(* Fix $c>0$. Let $\varepsilon\mapsto E_\star(\varepsilon,c)\in\mathcal{E}_1$ be a differentiable map on an open interval $I\subseteq(0,\infty)$. Assume that for every $\varepsilon\in I$: - $E_\star(\varepsilon,c)$ is a minimizer of $F_{\varepsilon,c}$ over $\mathcal{E}_1$; - $\lambda_k$ and $\lambda_{k+1}$ of $L(W+\varepsilon E_\star(\varepsilon,c))$ are simple; - $G_{\varepsilon,c}(E_\star(\varepsilon,c))$ is a negative real multiple of $E_\star(\varepsilon,c)$. Let $\varphi_c(\varepsilon)=F_{\varepsilon,c}(E_\star(\varepsilon,c))$. Then for $\varepsilon\in I$, \[ \varphi_c'(\varepsilon)=\langle G_{\varepsilon,c}(E_\star(\varepsilon,c)),E_\star(\varepsilon,c)\rangle=-\|G_{\varepsilon,c}(E_\star(\varepsilon,c))\|_F . \]
   Context: Let $\mathscr{E}\subseteq\{1,\dots,n\}^2$ be a symmetric edge set, and let $W=(w_{ij})\in\mathbb{R}^{n\times n}$ be symmetric, entrywise non-negative, with $w_{ij}=0$ for $(i,j)\notin\mathscr{E}$. Let $L(A)=\mathrm{diag}(A\mathbb{1})-A$ with $\mathbb{1}=(1,\dots,1)^T$. Eigenvalues are ordered $\lambda_1\le\dots\le\lambda_n$. The inner product is $\langle X,Y\rangle=\mathrm{trace}(X^TY)$ and $\|\cdot\|_F$ is the Frobenius norm. Let $\mathcal{S}=\{A: a_{ij}=0\ \forall (i,j)\notin\mathscr{E}\}$, with orthogonal projection $\Pi_{\mathcal{S}}$ (zeroing the entries outside $\mathscr{E}$). Let $\mathcal{E}=\mathcal{S}\cap\mathrm{Sym}(\mathbb{R}^{n\times n})$ and $\mathcal{E}_1=\{E\in\mathcal{E}:\|E\|_F=1\}$. Fix $k\in\{2,\dots,n-1\}$. For $\varepsilon>0$ and $E=(e_{ij})\in\mathcal{E}$ with $\lambda_k,\lambda_{k+1}$ of $L(W+\varepsilon E)$ simple, define the following objects. - $x$ and $y$ are unit eigenvectors for $\lambda_{k+1}$ and $\lambda_k$ respectively. - $F_\varepsilon(E)=\lambda_{k+1}(L(W+\varepsilon E))-\lambda_k(L(W+\varepsilon E))$. - $z=x\bullet x-y\bullet y$, the componentwise product. - $R_\varepsilon(E)=\tfrac12(z\mathbb{1}^T+\mathbb{1}z^T)-xx^T+yy^T$. - $G_\varepsilon(E)=\Pi_{\mathcal{S}}R_\varepsilon(E)$. - $Q_\varepsilon(E)=\tfrac12\sum_{(i,j)\in\mathscr{E}}(w_{ij}+\varepsilon e_{ij})_-^2$, where $(a)_-=\min(a,0)$. - $F_{\varepsilon,c}(E)=F_\varepsilon(E)+cQ_\varepsilon(E)$. - $G_{\varepsilon,c}(E)=G_\varepsilon(E)+c(W+\varepsilon E)_-$, where $(\cdot)_-$ is taken entrywise. *)

theory Defs
  imports "HOL-Analysis.Analysis" "HOL-Computational_Algebra.Polynomial"
begin

text \<open>Matrices are real n x n matrices indexed by a finite type 'n (n = CARD('n)).
  The inner product on real^'n^'n is trace(X^T Y) and its norm is the Frobenius norm.\<close>

definition ones :: "real ^ 'n" where "ones = (\<chi> i. 1)"

definition lap :: "real ^ 'n ^ 'n \<Rightarrow> real ^ 'n ^ 'n" where
  "lap A = (\<chi> i j. if i = j then (\<Sum>l\<in>UNIV. A $ i $ l) else 0) - A"

definition charpoly :: "real ^ 'n ^ 'n \<Rightarrow> real poly" where
  "charpoly A = det (\<chi> i j. (if i = j then [:0, 1:] else 0) - [: A $ i $ j :])"
theorem theorem4p1:
  fixes a :: "nat \<Rightarrow> int" and f :: "int fps"
  assumes "(\<lambda>n. \<Prod>i\<in>{1..n}. fps_int_power (1 + (- fps_X) ^ i) (a i)) \<longlonglongrightarrow> f"
  shows "(\<exists>g :: int fps. fps_nth g 0 = 1 \<and> f * (f oo (- fps_X)) * (f oo fps_X ^ 2) = g ^ 2)
         \<longleftrightarrow> (\<forall>i\<ge>1. a (2 * i) mod 2 = 0)"
proof -
  define G where "G = (\<lambda>n. \<Prod>i=1..n. root_factor i (a i))"
  define R where "R = (\<lambda>n. \<Prod>i=1..n. residual_factor i (a i))"
  define G_lim where "G_lim = Abs_fps (\<lambda>k. G k $ k)"
  define R_lim where "R_lim = Abs_fps (\<lambda>k. R k $ k)"
  have G: "G \<longlonglongrightarrow> G_lim"
    unfolding G_def G_lim_def by (intro LIMSEQ_prod_fps_near_one fps_cutoff_root_factor)
  have R: "R \<longlonglongrightarrow> R_lim"
    unfolding R_def R_lim_def by (intro LIMSEQ_prod_fps_near_one fps_cutoff_residual_factor) simp
  have "triple_product (\<Prod>i=1..n. fps_int_power (1 + (- fps_X) ^ i) (a i)) = (G n)\<^sup>2 * R n" for n
    by (simp add: G_def R_def triple_product_prod triple_product_factor prod.distrib prod_power_distrib)
  with tendsto_triple_product[OF assms] have "(\<lambda>n. (G n)\<^sup>2 * R n) \<longlonglongrightarrow> triple_product f"
    by simp
  moreover have "(\<lambda>n. (G n)\<^sup>2 * R n) \<longlonglongrightarrow> G_lim\<^sup>2 * R_lim"
    unfolding power2_eq_square by (intro tendsto_fps_mult G R)
  ultimately have "f * (f oo - fps_X) * (f oo fps_X ^ 2) = G_lim\<^sup>2 * R_lim"
    unfolding triple_product_def by (rule LIMSEQ_unique)
  moreover have "G_lim $ 0 = 1" by (simp add: G_lim_def G_def)
  ultimately show ?thesis
    using square_mult_square_iff[of G_lim R_lim] residual_limit_square_iff[OF R[unfolded R_def]]
    by simp
qed

end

+--

Every entry needs to be retyped exactly.

PROBLEM SOLUTION >>
(* Fix $c>0$. Let $\varepsilon\mapsto E_\star(\varepsilon,c)\in\mathcal{E}_1$ be a differentiable map on an open interval $I\subseteq(0,\infty)$. Assume that for every $\varepsilon\in I$: - $E_\star(\varepsilon,c)$ is a minimizer of $F_{\varepsilon,c}$ over $\mathcal{E}_1$; - $\lambda_k$ and $\lambda_{k+1}$ of $L(W+\varepsilon E_\star(\varepsilon,c))$ are simple; - $G_{\varepsilon,c}(E_\star(\varepsilon,c))$ is a negative real multiple of $E_\star(\varepsilon,c)$. Let $\varphi_c(\varepsilon)=F_{\varepsilon,c}(E_\star(\varepsilon,c))$. Then for $\varepsilon\in I$, \[ \varphi_c'(\varepsilon)=\langle G_{\varepsilon,c}(E_\star(\varepsilon,c)),E_\star(\varepsilon,c)\rangle=-\|G_{\varepsilon,c}(E_\star(\varepsilon,c))\|_F . \]
   Context: Let $\mathscr{E}\subseteq\{1,\dots,n\}^2$ be a symmetric edge set, and let $W=(w_{ij})\in\mathbb{R}^{n\times n}$ be symmetric, entrywise non-negative, with $w_{ij}=0$ for $(i,j)\notin\mathscr{E}$. Let $L(A)=\mathrm{diag}(A\mathbb{1})-A$ with $\mathbb{1}=(1,\dots,1)^T$. Eigenvalues are ordered $\lambda_1\le\dots\le\lambda_n$. The inner product is $\langle X,Y\rangle=\mathrm{trace}(X^TY)$ and $\|\cdot\|_F$ is the Frobenius norm. Let $\mathcal{S}=\{A: a_{ij}=0\ \forall (i,j)\notin\mathscr{E}\}$, with orthogonal projection $\Pi_{\mathcal{S}}$ (zeroing the entries outside $\mathscr{E}$). Let $\mathcal{E}=\mathcal{S}\cap\mathrm{Sym}(\mathbb{R}^{n\times n})$ and $\mathcal{E}_1=\{E\in\mathcal{E}:\|E\|_F=1\}$. Fix $k\in\{2,\dots,n-1\}$. For $\varepsilon>0$ and $E=(e_{ij})\in\mathcal{E}$ with $\lambda_k,\lambda_{k+1}$ of $L(W+\varepsilon E)$ simple, define the following objects. - $x$ and $y$ are unit eigenvectors for $\lambda_{k+1}$ and $\lambda_k$ respectively. - $F_\varepsilon(E)=\lambda_{k+1}(L(W+\varepsilon E))-\lambda_k(L(W+\varepsilon E))$. - $z=x\bullet x-y\bullet y$, the componentwise product. - $R_\varepsilon(E)=\tfrac12(z\mathbb{1}^T+\mathbb{1}z^T)-xx^T+yy^T$. - $G_\varepsilon(E)=\Pi_{\mathcal{S}}R_\varepsilon(E)$. - $Q_\varepsilon(E)=\tfrac12\sum_{(i,j)\in\mathscr{E}}(w_{ij}+\varepsilon e_{ij})_-^2$, where $(a)_-=\min(a,0)$. - $F_{\varepsilon,c}(E)=F_\varepsilon(E)+cQ_\varepsilon(E)$. - $G_{\varepsilon,c}(E)=G_\varepsilon(E)+c(W+\varepsilon E)_-$, where $(\cdot)_-$ is taken entrywise. *)

theory Defs
  imports "HOL-Analysis.Analysis" "HOL-Computational_Algebra.Polynomial"
begin

text \<open>Matrices are real n x n matrices indexed by a finite type 'n (n = CARD('n)).
  The inner product on real^'n^'n is trace(X^T Y) and its norm is the Frobenius norm.\<close>

definition ones :: "real ^ 'n" where "ones = (\<chi> i. 1)"

definition lap :: "real ^ 'n ^ 'n \<Rightarrow> real ^ 'n ^ 'n" where
  "lap A = (\<chi> i j. if i = j then (\<Sum>l\<in>UNIV. A $ i $ l) else 0) - A"

definition charpoly :: "real ^ 'n ^ 'n \<Rightarrow> real poly" where
  "charpoly A = det (\<chi> i j. (if i = j then [:0, 1:] else 0) - [: A $ i $ j :])"
theorem theorem4p1:
  fixes a :: "nat \<Rightarrow> int" and f :: "int fps"
  assumes "(\<lambda>n. \<Prod>i\<in>{1..n}. fps_int_power (1 + (- fps_X) ^ i) (a i)) \<longlonglongrightarrow> f"
  shows "(\<exists>g :: int fps. fps_nth g 0 = 1 \<and> f * (f oo (- fps_X)) * (f oo fps_X ^ 2) = g ^ 2)
         \<longleftrightarrow> (\<forall>i\<ge>1. a (2 * i) mod 2 = 0)"
proof -
  define G where "G = (\<lambda>n. \<Prod>i=1..n. root_factor i (a i))"
  define R where "R = (\<lambda>n. \<Prod>i=1..n. residual_factor i (a i))"
  define G_lim where "G_lim = Abs_fps (\<lambda>k. G k $ k)"
  define R_lim where "R_lim = Abs_fps (\<lambda>k. R k $ k)"
  have G: "G \<longlonglongrightarrow> G_lim"
    unfolding G_def G_lim_def by (intro LIMSEQ_prod_fps_near_one fps_cutoff_root_factor)
  have R: "R \<longlonglongrightarrow> R_lim"
    unfolding R_def R_lim_def by (intro LIMSEQ_prod_fps_near_one fps_cutoff_residual_factor) simp
  have "triple_product (\<Prod>i=1..n. fps_int_power (1 + (- fps_X) ^ i) (a i)) = (G n)\<^sup>2 * R n" for n
    by (simp add: G_def R_def triple_product_prod triple_product_factor prod.distrib prod_power_distrib)
  with tendsto_triple_product[OF assms] have "(\<lambda>n. (G n)\<^sup>2 * R n) \<longlonglongrightarrow> triple_product f"
    by simp
  moreover have "(\<lambda>n. (G n)\<^sup>2 * R n) \<longlonglongrightarrow> G_lim\<^sup>2 * R_lim"
    unfolding power2_eq_square by (intro tendsto_fps_mult G R)
  ultimately have "f * (f oo - fps_X) * (f oo fps_X ^ 2) = G_lim\<^sup>2 * R_lim"
    unfolding triple_product_def by (rule LIMSEQ_unique)
  moreover have "G_lim $ 0 = 1" by (simp add: G_lim_def G_def)
  ultimately show ?thesis
    using square_mult_square_iff[of G_lim R_lim] residual_limit_square_iff[OF R[unfolded R_def]]
    by simp
qed

end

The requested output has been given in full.